The Anaheim Ducks have signed veteran forward Chris Kelly to a one-year, $1.25-million pro-rated contract that also includes bonuses, according to TSN’s Bob McKenzie.
As expected, CAN Olympian Chris Kelly has agreed to terms on a contract for the balance of this season with ANA. It will be worth $1.25M pro rated plus bonuses.
— Bob McKenzie (@TSNBobMcKenzie) February 25, 2018
Kelly has not played in the NHL since last season, when he appeared in all 82 games for the Ottawa Senators and compiled 12 points (5 goals and 7 assists). Since he was out of the NHL this season, he was eligible to play for Team Canada in the recently-completed Winter Olympics. Apparently, his performance that featured two goals and an assist in six games was enough to compel Ducks general manager Bob Murray to sign the 37-year-old for the rest of this campaign.
Kelly’s Long Career
Kelly, who was a third-round draft choice of the Ottawa Senators all the way back in 1999, got his first taste of NHL action with the Sens in the 2003-04 season.

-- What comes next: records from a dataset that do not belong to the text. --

lemma binom_conv_binom_conv:
  assumes above: "\<And>t. T < t \<Longrightarrow> c t = 0"
  shows "binom_conv a (binom_conv b c) = binom_conv (a + b) c"
proof
  fix x
  let ?U = "{0..T - x + a + b}"
  have shift: "binom_conv b c (x - a + i) = Sum_any (\<lambda>u. scale (alt_binom b (u - i)) (c (x - a - b + u)))" for i
    unfolding binom_conv_def
    using Sum_any_int_shift[of "\<lambda>u. scale (alt_binom b (u - i)) (c (x - a - b + u))" i]
    by (simp add: algebra_simps)
  have "binom_conv a (binom_conv b c) x
      = Sum_any (\<lambda>u. scale (Sum_any (\<lambda>i. alt_binom a i * alt_binom b (u - i))) (c (x - a - b + u)))"
    unfolding binom_conv_def[of a] shift
  proof (rule Sum_any_scale_swap[of ?U ?U])
    fix i u assume "alt_binom a i * alt_binom b (u - i) \<noteq> 0" "c (x - a - b + u) \<noteq> 0"
    then have "\<not> i < 0" "\<not> u - i < 0" "\<not> T < x - a - b + u"
      using alt_binom_eq_0_neg[of i a] alt_binom_eq_0_neg[of "u - i" b] above by auto
    then show "i \<in> ?U \<and> u \<in> ?U" by auto
  qed auto
  then show "binom_conv a (binom_conv b c) x = binom_conv (a + b) c x"
    by (simp add: binom_conv_def alt_binom_Vandermonde algebra_simps)
qed

lemma binom_conv_rev_binom_conv_rev:
  assumes below: "\<And>t. t < M \<Longrightarrow> c t = 0"
  shows "binom_conv_rev a (binom_conv_rev b c) = binom_conv_rev (a + b) c"
proof
  fix x
  let ?U = "{0..x - M}"
  have shift: "binom_conv_rev b c (x - i)
      = Sum_any (\<lambda>u. scale ((-1) powi b * alt_binom b (u - i)) (c (x - u)))" for i
    unfolding binom_conv_rev_def
    using Sum_any_int_shift[of "\<lambda>u. scale ((-1) powi b * alt_binom b (u - i)) (c (x - u))" i]
    by (simp add: algebra_simps)
  have "binom_conv_rev a (binom_conv_rev b c) x
      = Sum_any (\<lambda>u. scale (Sum_any (\<lambda>i. ((-1) powi a * alt_binom a i) * ((-1) powi b * alt_binom b (u - i))))
          (c (x - u)))"
    unfolding binom_conv_rev_def[of a] shift
  proof (rule Sum_any_scale_swap[of ?U ?U])
    fix i u
    assume "((-1) powi a * alt_binom a i) * ((-1) powi b * alt_binom b (u - i)) \<noteq> 0" "c (x - u) \<noteq> 0"
    then have "\<not> i < 0" "\<not> u - i < 0" "\<not> x - u < M"
      using alt_binom_eq_0_neg[of i a] alt_binom_eq_0_neg[of "u - i" b] below by auto
    then show "i \<in> ?U \<and> u \<in> ?U" by auto
  qed auto
  also have "\<dots> = Sum_any (\<lambda>u. scale ((-1) powi (a + b) * alt_binom (a + b) u) (c (x - u)))"
  proof (intro Sum_any.cong arg_cong2[where f = scale] refl)
    fix u
    have "finite {i. alt_binom a i * alt_binom b (u - i) \<noteq> (0::'a)}"
      by (rule finite_subset[of _ "{0..u}"]) (auto simp: alt_binom_def split: if_splits)
    then have "(-1) powi (a + b) * Sum_any (\<lambda>i. alt_binom a i * alt_binom b (u - i))
        = Sum_any (\<lambda>i. (-1) powi (a + b) * (alt_binom a i * alt_binom b (u - i)) :: 'a)"
      by (rule Sum_any_right_distrib)
    also have "\<dots> = Sum_any (\<lambda>i. ((-1) powi a * alt_binom a i) * ((-1) powi b * alt_binom b (u - i)))"
      by (intro Sum_any.cong) (simp add: power_int_add mult_ac)
    finally show "Sum_any (\<lambda>i. ((-1) powi a * alt_binom a i) * ((-1) powi b * alt_binom b (u - i)))
        = (-1) powi (a + b) * (alt_binom (a + b) u :: 'a)"
      by (simp only: alt_binom_Vandermonde)
  qed
  finally show "binom_conv_rev a (binom_conv_rev b c) x = binom_conv_rev (a + b) c x"
    by (simp only: binom_conv_rev_def)
qed

lemma binom_conv_diff_rev:
  assumes supp: "finite {t. c t \<noteq> 0}"
  shows "binom_conv n c m - binom_conv_rev n c m = series_comb (\<lambda>t. (1 + fls_X) powi (t - m - 1)) c (- n - 1)"
proof -
  have conv: "binom_conv n c m = Sum_any (\<lambda>t. scale (alt_binom n (n - (m - t))) (c t))"
    unfolding binom_conv_def
    using Sum_any_int_shift[of "\<lambda>t. scale (alt_binom n (n - (m - t))) (c t)" "m - n"]
    by (simp add: algebra_simps)
  have rev: "binom_conv_rev n c m = Sum_any (\<lambda>t. scale ((-1) powi n * alt_binom n (m - t)) (c t))"
    unfolding binom_conv_rev_def
    using Sum_any_int_reflect[of "\<lambda>t. scale ((-1) powi n * alt_binom n (m - t)) (c t)" m]
    by simp
  show ?thesis
    unfolding conv rev Sum_any_scale_diff[OF supp] series_comb_def
  proof (intro Sum_any.cong arg_cong2[where f = scale] refl)
    fix t
    show "alt_binom n (n - (m - t)) - (-1) powi n * alt_binom n (m - t)
        = ((1 + fls_X) powi (t - m - 1)) $$ (- n - 1)"
      using alt_binom_expansions_diff[of n "m - t"] by simp
  qed
qed

lemma binom_conv_finite_support:
  assumes above: "\<And>t. T < t \<Longrightarrow> a t = 0" and below: "\<And>t. t < M \<Longrightarrow> b t = 0"
    and eq: "binom_conv (int k) a = binom_conv (int k) b"
  shows "finite {t. binom_conv (int k) a t \<noteq> 0}"
proof (rule finite_subset[of _ "{M..T + int k}"])
  show "{t. binom_conv (int k) a t \<noteq> 0} \<subseteq> {M..T + int k}"
  proof
    fix t assume t: "t \<in> {t. binom_conv (int k) a t \<noteq> 0}"
    then have "\<not> T + int k < t"
      using binom_conv_eq_0_above[of T a, OF above] by blast
    moreover have "\<not> t < M"
      using t binom_conv_of_nat_eq_0_below[of M b, OF below, of t k] unfolding eq by auto
    ultimately show "t \<in> {M..T + int k}" by simp
  qed
qed simp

Following the lockout that wiped out the entire 2004-05 season, Kelly became a mainstay in the NHL in the 2005-06 season. He carved out his niche as an effective depth forward who could chip in secondary offense and be a force on the penalty kill. In his career, Kelly has accumulated 11 shorthanded goals and 27 total shorthanded points.
From a scoring standpoint, his high watermark with the Senators was 38 points (15 goals and 23 assists) in the 2006-07 season. As the Sens began to decline in the years that followed, they ultimately traded Kelly to the Boston Bruins in February of 2011 for a second-round pick in that year’s draft.
The trade worked out for Kelly and the Bruins, as he helped them win the Stanley Cup that season. Kelly notched 13 points (5 goals and 8 assists) in 25 playoff contests along the way.
A year later, Kelly established career-highs in goals (20) and points (39). Although the Bruins were upset by the Washington Capitals in the first round of the playoffs, that series featured one of the individual highlights of Kelly’s career, as he scored an overtime goal in Game 1.
Kelly continued his career with the Bruins all the way through the 2015-16 season, although his tenure in Boston ended in an unfortunate manner. Early in that season, Kelly suffered a freak non-contact injury and fractured his femur, putting him out of commission for the rest of the year.
In the ensuing offseason, Kelly signed a one-year contract with the Senators, returning to the club with whom he started his career. His second stint in Ottawa was short-lived, however. After the season, the Senators did not re-sign Kelly, and, despite a tryout with the Edmonton Oilers, he failed to earn a full contract with another NHL club—until now.
A Head-Scratching Move
Kelly has unquestionably had a long, commendable career in the NHL. At this point, though, the Ducks’ signing of him seems a bit odd in a couple of ways.
First, Kelly is 37. He inevitably does not have the same speed and quickness he once did. Last year’s large sample size and low scoring totals should be enough evidence that his best days are behind him. A decent showing in six games of international competition against mostly non-NHL-caliber players should in no way supersede that notion.
Secondly, the Ducks have two main areas where they could bolster their roster: the blue line and on the wings of the top two lines—i.e., with a scoring winger.
They do not need another depth forward. They are covered there with players like J.T. Brown (a fairly recent waiver-wire pickup), Derek Grant, Chris Wagner, and Antoine Vermette. In fact, one of those four players typically has to sit in the press box each game. So how does Kelly, another depth forward, fit in? He doesn’t address their need for a top-six scoring winger. He only adds to the logjam of fourth-liners.
It remains to be seen whether the Ducks will make any more moves to address their main areas of need prior to Monday’s trade deadline, as well as how they plan to use Kelly. For now though, this acquisition is a head-scratcher.